* TASK TO COMPLETE *
Every entry needs to appear again exactly as written below.

* THE INPUT *
(* Suppose $\mathrm r(R)=2$. The following are equivalent: (1) $R$ is a $2$-AGL ring; (2) $\mathfrak c=R:K$ and $\ell_R(K/R)=2$; (3) $S=K^2$ and $\ell_R(K/R)=2$. When these hold, $K/R\cong R/\mathfrak c$ as $R$-modules.
   Context: Let $(R,\mathfrak m)$ be a one-dimensional Cohen–Macaulay local ring possessing a canonical module $\mathrm K_R$; $I\neq R$ an ideal with $I\cong\mathrm K_R$ containing a parameter ideal $Q=(a)$ as a reduction. In the total ring of fractions set $K=I/a$, $S=R[K]$, $\mathfrak c=R:S$, with $X:Y=\{z:zY\subseteq X\}$. $R$ is $2$-AGL if $\operatorname{rank}\mathcal S_Q(I)=2$, where $\mathcal S_Q(I)=IR[It]/IR[Qt]$ is the Sally module and its rank is its length at $\mathfrak mR[Qt]$; equivalently $\ell_R(S/K)=2$. $\mathrm r(R)$ is the Cohen–Macaulay type. *)

theory Defs
  imports Main "HOL-Library.Extended_Nat"
begin

text \<open>Setting: the ambient commutative ring 'a plays the role of the total ring of
fractions Q(R); R is a subring of it. Modules are R-submodules of Q(R).\<close>

definition subring :: "'a::comm_ring_1 set \<Rightarrow> bool" where
  "subring R \<longleftrightarrow> 0 \<in> R \<and> 1 \<in> R \<and> (\<forall>x\<in>R. \<forall>y\<in>R. x + y \<in> R \<and> x * y \<in> R) \<and> (\<forall>x\<in>R. - x \<in> R)"

definition submod :: "'a::comm_ring_1 set \<Rightarrow> 'a set \<Rightarrow> bool" where
  "submod R M \<longleftrightarrow> 0 \<in> M \<and> (\<forall>x\<in>M. \<forall>y\<in>M. x + y \<in> M) \<and> (\<forall>r\<in>R. \<forall>x\<in>M. r * x \<in> M)"

definition span :: "'a::comm_ring_1 set \<Rightarrow> 'a set \<Rightarrow> 'a set" where
  "span R X = \<Inter>{M. submod R M \<and> X \<subseteq> M}"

* REPLY TO THE TASK *
(* Suppose $\mathrm r(R)=2$. The following are equivalent: (1) $R$ is a $2$-AGL ring; (2) $\mathfrak c=R:K$ and $\ell_R(K/R)=2$; (3) $S=K^2$ and $\ell_R(K/R)=2$. When these hold, $K/R\cong R/\mathfrak c$ as $R$-modules.
   Context: Let $(R,\mathfrak m)$ be a one-dimensional Cohen–Macaulay local ring possessing a canonical module $\mathrm K_R$; $I\neq R$ an ideal with $I\cong\mathrm K_R$ containing a parameter ideal $Q=(a)$ as a reduction. In the total ring of fractions set $K=I/a$, $S=R[K]$, $\mathfrak c=R:S$, with $X:Y=\{z:zY\subseteq X\}$. $R$ is $2$-AGL if $\operatorname{rank}\mathcal S_Q(I)=2$, where $\mathcal S_Q(I)=IR[It]/IR[Qt]$ is the Sally module and its rank is its length at $\mathfrak mR[Qt]$; equivalently $\ell_R(S/K)=2$. $\mathrm r(R)$ is the Cohen–Macaulay type. *)

theory Defs
  imports Main "HOL-Library.Extended_Nat"
begin

text \<open>Setting: the ambient commutative ring 'a plays the role of the total ring of
fractions Q(R); R is a subring of it. Modules are R-submodules of Q(R).\<close>

definition subring :: "'a::comm_ring_1 set \<Rightarrow> bool" where
  "subring R \<longleftrightarrow> 0 \<in> R \<and> 1 \<in> R \<and> (\<forall>x\<in>R. \<forall>y\<in>R. x + y \<in> R \<and> x * y \<in> R) \<and> (\<forall>x\<in>R. - x \<in> R)"

definition submod :: "'a::comm_ring_1 set \<Rightarrow> 'a set \<Rightarrow> bool" where
  "submod R M \<longleftrightarrow> 0 \<in> M \<and> (\<forall>x\<in>M. \<forall>y\<in>M. x + y \<in> M) \<and> (\<forall>r\<in>R. \<forall>x\<in>M. r * x \<in> M)"

definition span :: "'a::comm_ring_1 set \<Rightarrow> 'a set \<Rightarrow> 'a set" where
  "span R X = \<Inter>{M. submod R M \<and> X \<subseteq> M}"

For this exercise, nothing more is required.